A quantum dot infrared photodetector (QDIP) is a device that can detect infrared radiation. The detection of radiation is based on quantum mechanical principles that describe the absorption and radiation of light from atoms and molecules. A quantum dot (QD) is a defect purposely grown in a crystal structure (typically in some III-V semiconducting material such as InAs/GaAs structures). The defect is approximately the size of the wavelength of an electron in the crystal (≦100 nm).

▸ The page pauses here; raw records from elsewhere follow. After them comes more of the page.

lemma card_of_UNION_ordLess_cf:
  assumes lam: "Card_order lam" "infinite (Field lam)" and cf: "cf_gt lam r"
    and r: "Card_order r" "infinite (Field r)"
    and I: "|I| \<le>o r" and F: "\<And>i. i \<in> I \<Longrightarrow> |F i| <o lam"
  shows "|\<Union>i\<in>I. F i| <o lam"
proof -
  have "\<exists>b\<in>Field lam. \<forall>i\<in>I. |F i| \<le>o |under lam b|"
    by (rule cf_gt_imp_uniform_bound[OF lam cf I]) (rule F)
  then obtain b where b: "b \<in> Field lam" and F_le: "\<forall>i\<in>I. |F i| \<le>o |under lam b|"
    by blast
  have "|UNIV \<inter> under lam b| <o lam"
    by (rule card_of_under_ordLess[OF lam]) (simp add: card_of_underS[OF lam(1) b])
  then have "|under lam b| <o lam"
    by simp
  moreover have "|Field r| <o lam"
    by (rule ordIso_ordLess_trans[OF card_of_Field_ordIso[OF r(1)] cf_gt_imp_ordLess[OF lam cf]])
  ultimately have "|Field r <+> under lam b| <o lam"
    by (intro card_of_Plus_ordLess_infinite_Field[OF lam(2,1)])
  moreover have "|\<Union>i\<in>I. F i| \<le>o |Field r <+> under lam b|"
  proof (rule card_of_UNION_ordLeq_infinite)
    show "infinite (Field r <+> under lam b)"
      using r(2) by simp
    have "|I| \<le>o |Field r|"
      by (rule ordLeq_ordIso_trans[OF I ordIso_symmetric[OF card_of_Field_ordIso[OF r(1)]]])
    then show "|I| \<le>o |Field r <+> under lam b|"
      by (rule ordLeq_transitive[OF _ card_of_Plus1])
    show "\<forall>i\<in>I. |F i| \<le>o |Field r <+> under lam b|"
      using ordLeq_transitive[OF _ card_of_Plus2] F_le by blast
  qed
  ultimately show ?thesis
    by (rule ordLeq_ordLess_trans[rotated])
qed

The QD creates a 3-d localized attractive potential herein referred as a potential hole. Since the electrons are confined in 3-d to the QD whose size is of the order of the electron wavelength, electrons will have discrete energy levels, similar to discrete energy levels of an electron in an atom. The magnitude and spacing of these energy levels is a sensitive function of the dot and the magnitude of the attractive potential energy “potential hole.” Thus, by controlling the size and potential of the QD (through appropriate crystal growth techniques), one can create QDs sensitive to different wavelengths of light (colors). Photons incident on the crystal structure with the QDs will be absorbed if they have the energy (wavelength) corresponding to the separation of the ground and first excited energy state (it is possible to excite electrons into higher order states, but has a lower probability of occurrence). An electric field applied to the QDs sweeps the excited electrons off of the dot, and the change in current is measured thereby detecting the light.
What is currently needed are techniques for employing QDIP technology in focal plane array applications, where one or more colors can be detected. In addition, techniques for hybridizing QDIP arrays to supporting electronic circuitry (e.g., such as CMOS read-out circuitry) are needed.